─── SUPPLIED INFORMATION ───

lemma bourn_normal_split_ext:
  assumes R: "is_equiv_rel C Y R r1 r2" and P: "is_product C X X P p1 p2" and n: "n \<in> Hom X Y"
    and mt: "mt \<in> Hom P R" "r1 \<cdot> mt = n \<cdot> p1"
    and pb: "is_pullback C R X Y r1 n P mt p1"
    and dl: "dl \<in> Hom Y R" "r1 \<cdot> dl = idm Y"
    and d: "d \<in> Hom X P" "p1 \<cdot> d = Z0 X X" "p2 \<cdot> d = idm X"
  shows "split_ext C X R Y (mt \<cdot> d) r1 dl"
  unfolding split_ext_def is_kernel_def
proof (intro conjI allI impI)
  note r = equiv_relD(1,2)[OF R] and p = productD[OF P]
  show "mt \<cdot> d \<in> Hom X R" "r1 \<in> Hom R Y" "dl \<in> Hom Y R" "r1 \<cdot> dl = idm Y" using mt d dl r by auto
  show "r1 \<cdot> (mt \<cdot> d) = Z0 X Y" using comp_eq_whisker[OF mt(2), of d] d n p mt r by simp
  fix W t assume t: "t \<in> Hom W R" "r1 \<cdot> t = Z0 W Y"
  have "r1 \<cdot> t = n \<cdot> Z0 W X" using t n dm_in_Ob[of t] by simp
  then obtain h where h: "h \<in> Hom W P" "mt \<cdot> h = t" "p1 \<cdot> h = Z0 W X"
    using pullback_lift[OF pb t(1), of "Z0 W X"] n t by auto
  have dh: "d \<cdot> (p2 \<cdot> h) = h"
  proof (rule product_arr_eqI[OF P])
    show "p1 \<cdot> (d \<cdot> (p2 \<cdot> h)) = p1 \<cdot> h" "p2 \<cdot> (d \<cdot> (p2 \<cdot> h)) = p2 \<cdot> h"
      using comp_eq_whisker[OF d(2), of "p2 \<cdot> h"] comp_eq_whisker[OF d(3), of "p2 \<cdot> h"] h d p
      by auto
  qed (use h d p in auto)
  show "\<exists>!x. x \<in> Hom W X \<and> (mt \<cdot> d) \<cdot> x = t"
  proof (rule ex1I[of _ "p2 \<cdot> h"])
    show "p2 \<cdot> h \<in> Hom W X \<and> (mt \<cdot> d) \<cdot> (p2 \<cdot> h) = t" using dh h mt d p by auto
    fix x assume "x \<in> Hom W X \<and> (mt \<cdot> d) \<cdot> x = t"
    then have x: "x \<in> Hom W X" "mt \<cdot> (d \<cdot> x) = t" using mt d by auto
    have "d \<cdot> x = h"
    proof (rule pullback_arr_eqI[OF pb])
      show "mt \<cdot> (d \<cdot> x) = mt \<cdot> h" using x h by simp
      show "p1 \<cdot> (d \<cdot> x) = p1 \<cdot> h" using comp_eq_whisker[OF d(2), of x] x h d p by auto
    qed (use x h d in auto)
    then show "x = p2 \<cdot> h" using comp_eq_whisker[OF d(3), of x] x d p by auto
  qed
qed (use mt d equiv_relD(1,2)[OF R] in auto)
(* Let $\mathcal{G}_{55}$ be the network described in the context, with nodes $(i,j)$, $1\le i,j\le5$. Let $X$ be the set of nodes $\{(1,1),(2,2),(3,3),(4,4),(5,5),(1,4),(2,1),(3,5),(4,3),(5,2)\}$, and let $K$ be the 2-coloring in which nodes in $X$ have one color and all other 15 nodes have a second color. Then $K$ is balanced, but $K$ is not an orbit coloring for $\mathbb{S}_5\times\mathbb{S}_5$, i.e. there is no subgroup $\Sigma\subseteq\mathbb{S}_5\times\mathbb{S}_5$ whose orbits on the nodes are exactly the two color classes of $K$.
   Context: For integers $m,n\ge1$, the network $\mathcal{G}_{mn}$ has node set $\{(i,j):1\le i\le m,\ 1\le j\le n\}$ ($i$ indexes rows, $j$ columns), all nodes of the same type. For each ordered pair of distinct nodes $(c,d)$ there is exactly one arrow with head $c$ and tail $d$, whose type is: "row" if $c,d$ lie in the same row, "column" if they lie in the same column, "diagonal" otherwise; in addition each node has an internal arrow from itself to itself (a fourth type). The group $\mathbb{S}_m\times\mathbb{S}_n$ acts on the nodes by $(\sigma,\tau)\cdot(i,j)=(\sigma(i),\tau(j))$; it is the symmetry group of $\mathcal{G}_{mn}$. A coloring is a map from nodes to a set of colors (identified up to the partition it induces). A coloring is balanced if whenever nodes $c,d$ have the same color, for every arrow type and every color $k$ the number of input arrows of that type to $c$ with tail of color $k$ equals the corresponding number for $d$. For a subgroup $\Sigma$ of the symmetry group, the orbit coloring of $\Sigma$ has as color classes the $\Sigma$-orbits on nodes; a coloring is an orbit coloring if it is the orbit coloring of some such subgroup. *)

theory Defs
  imports "HOL-Algebra.Sym_Groups"
begin

definition nodes :: "nat \<Rightarrow> nat \<Rightarrow> (nat \<times> nat) set" where
  "nodes m n = {1..m} \<times> {1..n}"

datatype arrow_type = RowArrow | ColumnArrow | DiagonalArrow | InternalArrow

(* type of the unique arrow with head c and tail d *)
definition arrow_type_of :: "nat \<times> nat \<Rightarrow> nat \<times> nat \<Rightarrow> arrow_type" where
  "arrow_type_of c d =
     (if c = d then InternalArrow
      else if fst c = fst d then RowArrow
      else if snd c = snd d then ColumnArrow
      else DiagonalArrow)"

definition input_count ::
  "nat \<Rightarrow> nat \<Rightarrow> (nat \<times> nat \<Rightarrow> 'c) \<Rightarrow> nat \<times> nat \<Rightarrow> arrow_type \<Rightarrow> 'c \<Rightarrow> nat" where
  "input_count m n col c t k = card {d \<in> nodes m n. arrow_type_of c d = t \<and> col d = k}"

definition balanced :: "nat \<Rightarrow> nat \<Rightarrow> (nat \<times> nat \<Rightarrow> 'c) \<Rightarrow> bool" where
  "balanced m n col \<longleftrightarrow>
     (\<forall>c\<in>nodes m n. \<forall>d\<in>nodes m n. col c = col d \<longrightarrow>
        (\<forall>t k. input_count m n col c t k = input_count m n col d t k))"

abbreviation sym_group_mn :: "nat \<Rightarrow> nat \<Rightarrow> ((nat \<Rightarrow> nat) \<times> (nat \<Rightarrow> nat)) monoid" where
  "sym_group_mn m n \<equiv> sym_group m \<times>\<times> sym_group n"

definition node_act :: "(nat \<Rightarrow> nat) \<times> (nat \<Rightarrow> nat) \<Rightarrow> nat \<times> nat \<Rightarrow> nat \<times> nat" where
  "node_act g c = (fst g (fst c), snd g (snd c))"

definition node_orbit :: "((nat \<Rightarrow> nat) \<times> (nat \<Rightarrow> nat)) set \<Rightarrow> nat \<times> nat \<Rightarrow> (nat \<times> nat) set" where
  "node_orbit \<Sigma> c = (\<lambda>g. node_act g c) ` \<Sigma>"

definition is_orbit_coloring :: "nat \<Rightarrow> nat \<Rightarrow> (nat \<times> nat \<Rightarrow> 'c) \<Rightarrow> bool" where
  "is_orbit_coloring m n col \<longleftrightarrow>
     (\<exists>\<Sigma>. subgroup \<Sigma> (sym_group_mn m n) \<and>
        (\<forall>c\<in>nodes m n. \<forall>d\<in>nodes m n. (col c = col d \<longleftrightarrow> d \<in> node_orbit \<Sigma> c)))"

definition X55 :: "(nat \<times> nat) set" where
  "X55 = {(1,1),(2,2),(3,3),(4,4),(5,5),(1,4),(2,1),(3,5),(4,3),(5,2)}"

end

theory Submission
  imports Defs
begin

text \<open>Balance is verified by direct counting. For the orbit claim: the elements of a subgroup
  whose orbits are the color classes are symmetries mapping X into itself, so they preserve the
  property of being the fourth corner of a row/column rectangle whose other three corners lie
  in X. The nodes (1,2) and (1,5) both lie outside X, but only (1,2) has this property (with
  corners (1,1), (2,1), (2,2)), so no such symmetry maps one to the other.\<close>

lemma nodes_eq_set_product: "nodes m n = set (List.product [1..<Suc m] [1..<Suc n])"
  by (auto simp: nodes_def atLeastAtMost_upt)

lemma distinct_nodes_list: "distinct (List.product [1..<Suc m] [1..<Suc n])"
  by (simp add: distinct_product)

lemma input_count_eq_length_filter:
  "input_count m n col c t k =
     length (filter (\<lambda>d. arrow_type_of c d = t \<and> col d = k) (List.product [1..<Suc m] [1..<Suc n]))"
  unfolding input_count_def nodes_eq_set_product set_filter[symmetric]
  by (rule distinct_card[OF distinct_filter[OF distinct_nodes_list]])

lemma balancedI:
  assumes "\<And>c t k. c \<in> nodes m n \<Longrightarrow> input_count m n col c t k = F (col c) t k"
  shows "balanced m n col"
  using assms unfolding balanced_def by simp

text \<open>The adjacency matrices of the two-node quotient network of the coloring by X55.\<close>

definition X55_quotient_count :: "bool \<Rightarrow> arrow_type \<Rightarrow> bool \<Rightarrow> nat" where
  "X55_quotient_count b t k = (case t of
       InternalArrow \<Rightarrow> (if k = b then 1 else 0)
     | RowArrow \<Rightarrow> (if b then (if k then 1 else 3) else 2)
     | ColumnArrow \<Rightarrow> (if b then (if k then 1 else 3) else 2)
     | DiagonalArrow \<Rightarrow> (if b then (if k then 7 else 9) else (if k then 6 else 10)))"

lemma X55_input_count_table:
  "\<forall>c\<in>set (List.product [1..<Suc 5] [1..<Suc 5]).
     \<forall>t\<in>{RowArrow, ColumnArrow, DiagonalArrow, InternalArrow}. \<forall>k\<in>{True, False}.
       length (filter (\<lambda>d. arrow_type_of c d = t \<and> (d \<in> X55) = k)
                (List.product [1..<Suc 5] [1..<Suc 5]))
         = X55_quotient_count (c \<in> X55) t k"
  unfolding X55_def X55_quotient_count_def arrow_type_of_def by code_simp

lemma input_count_X55:
  assumes "c \<in> nodes 5 5"
  shows "input_count 5 5 (\<lambda>c. c \<in> X55) c t k = X55_quotient_count (c \<in> X55) t k"
proof -
  have "t \<in> {RowArrow, ColumnArrow, DiagonalArrow, InternalArrow}"
    by (cases t) simp_all
  moreover have "k \<in> {True, False}"
    by simp
  ultimately show ?thesis
    using X55_input_count_table assms
    unfolding input_count_eq_length_filter nodes_eq_set_product by blast
qed

lemma balanced_X55: "balanced 5 5 (\<lambda>c. c \<in> X55)"
  by (rule balancedI) (rule input_count_X55)

lemma node_act_in_nodes:
  assumes "g \<in> carrier (sym_group_mn m n)" and "c \<in> nodes m n"
  shows "node_act g c \<in> nodes m n"
proof -
  have "fst g permutes {1..m}" and "snd g permutes {1..n}"
    using assms(1) by (auto simp: sym_group_def DirProd_def)
  moreover have "fst c \<in> {1..m}" and "snd c \<in> {1..n}"
    using assms(2) unfolding nodes_def mem_Times_iff by blast+
  ultimately show ?thesis
    unfolding nodes_def node_act_def mem_Times_iff fst_conv snd_conv
    by (metis permutes_in_image)
qed

lemma orbit_coloring_obtains_color_preserving_symmetry:
  assumes "is_orbit_coloring m n col"
    and "c \<in> nodes m n" and "d \<in> nodes m n" and "col c = col d"
  obtains g where "g \<in> carrier (sym_group_mn m n)" and "node_act g c = d"
    and "\<forall>x\<in>nodes m n. col (node_act g x) = col x"
proof -
  from assms(1) obtain \<Sigma> where sub: "subgroup \<Sigma> (sym_group_mn m n)"
    and orbits: "\<forall>c\<in>nodes m n. \<forall>d\<in>nodes m n. col c = col d \<longleftrightarrow> d \<in> node_orbit \<Sigma> c"
    unfolding is_orbit_coloring_def by blast
  have "d \<in> node_orbit \<Sigma> c"
    using orbits[rule_format, OF assms(2,3)] assms(4) by simp
  then obtain g where g: "g \<in> \<Sigma>" and gcd: "node_act g c = d"
    unfolding node_orbit_def by blast
  have gG: "g \<in> carrier (sym_group_mn m n)"
    using sub g by (rule subgroup.mem_carrier)
  have "col (node_act g x) = col x" if x: "x \<in> nodes m n" for x
  proof -
    have "node_act g x \<in> node_orbit \<Sigma> x"
      using g unfolding node_orbit_def by (rule imageI)
    then show ?thesis
      using orbits[rule_format, OF x node_act_in_nodes[OF gG x]] by simp
  qed
  then show ?thesis
    using that[OF gG gcd] by blast
qed

definition completes_rectangle :: "(nat \<times> nat) set \<Rightarrow> nat \<times> nat \<Rightarrow> bool" where
  "completes_rectangle X c \<longleftrightarrow> (\<exists>a b. (fst c, a) \<in> X \<and> (b, a) \<in> X \<and> (b, snd c) \<in> X)"

lemma completes_rectangle_node_act:
  assumes "\<forall>x\<in>X. node_act g x \<in> X" and "completes_rectangle X c"
  shows "completes_rectangle X (node_act g c)"
proof -
  from assms(2) obtain a b where "(fst c, a) \<in> X" "(b, a) \<in> X" "(b, snd c) \<in> X"
    unfolding completes_rectangle_def by blast
  then have "(fst g (fst c), snd g a) \<in> X" "(fst g b, snd g a) \<in> X" "(fst g b, snd g (snd c)) \<in> X"
    using assms(1) unfolding node_act_def by fastforce+
  then show ?thesis
    unfolding completes_rectangle_def node_act_def by auto
qed

lemma orbit_coloring_completes_rectangle:
  assumes "is_orbit_coloring m n (\<lambda>c. c \<in> X)" and "X \<subseteq> nodes m n"
    and "c \<in> nodes m n" and "d \<in> nodes m n" and "c \<in> X \<longleftrightarrow> d \<in> X"
    and "completes_rectangle X c"
  shows "completes_rectangle X d"
proof -
  obtain g where "node_act g c = d" and "\<forall>x\<in>nodes m n. node_act g x \<in> X \<longleftrightarrow> x \<in> X"
    using orbit_coloring_obtains_color_preserving_symmetry[OF assms(1,3-5)] by blast
  then show ?thesis
    using completes_rectangle_node_act[of X g c] assms(2,6) by blast
qed

lemma not_orbit_coloring_X55: "\<not> is_orbit_coloring 5 5 (\<lambda>c. c \<in> X55)"
proof
  assume orbit: "is_orbit_coloring 5 5 (\<lambda>c. c \<in> X55)"
  have "X55 \<subseteq> nodes 5 5" and "(1, 2) \<in> nodes 5 5" and "(1, 5) \<in> nodes 5 5"
    by (simp_all add: X55_def nodes_def)
  moreover have "(1, 2) \<in> X55 \<longleftrightarrow> (1, 5) \<in> X55"
    by (simp add: X55_def)
  moreover have "completes_rectangle X55 (1, 2)"
    unfolding completes_rectangle_def X55_def by (intro exI[of _ 1] exI[of _ 2]) simp
  ultimately have "completes_rectangle X55 (1, 5)"
    by (rule orbit_coloring_completes_rectangle[OF orbit])
  then obtain a b where a: "(1, a) \<in> X55" and ba: "(b, a) \<in> X55" and b: "(b, 5) \<in> X55"
    unfolding completes_rectangle_def by auto
  from a have "a = 1 \<or> a = 4"
    by (simp add: X55_def)
  moreover from b have "b = 3 \<or> b = 5"
    by (simp add: X55_def) blast
  ultimately show False
    using ba by (elim disjE) (simp_all add: X55_def)
qed

theorem mainTheorem3:
  shows "balanced 5 5 (\<lambda>c. c \<in> X55) \<and> \<not> is_orbit_coloring 5 5 (\<lambda>c. c \<in> X55)"
  using balanced_X55 not_orbit_coloring_X55 by blast

end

───

EXERCISE OBJECTIVE:
Word for word, restate the lines above from the line containing "(* type of the" through the line containing "(\<forall>t k. input_count", with both included and nothing else.

OUTPUT:
(* type of the unique arrow with head c and tail d *)
definition arrow_type_of :: "nat \<times> nat \<Rightarrow> nat \<times> nat \<Rightarrow> arrow_type" where
  "arrow_type_of c d =
     (if c = d then InternalArrow
      else if fst c = fst d then RowArrow
      else if snd c = snd d then ColumnArrow
      else DiagonalArrow)"

definition input_count ::
  "nat \<Rightarrow> nat \<Rightarrow> (nat \<times> nat \<Rightarrow> 'c) \<Rightarrow> nat \<times> nat \<Rightarrow> arrow_type \<Rightarrow> 'c \<Rightarrow> nat" where
  "input_count m n col c t k = card {d \<in> nodes m n. arrow_type_of c d = t \<and> col d = k}"

definition balanced :: "nat \<Rightarrow> nat \<Rightarrow> (nat \<times> nat \<Rightarrow> 'c) \<Rightarrow> bool" where
  "balanced m n col \<longleftrightarrow>
     (\<forall>c\<in>nodes m n. \<forall>d\<in>nodes m n. col c = col d \<longrightarrow>
        (\<forall>t k. input_count m n col c t k = input_count m n col d t k))"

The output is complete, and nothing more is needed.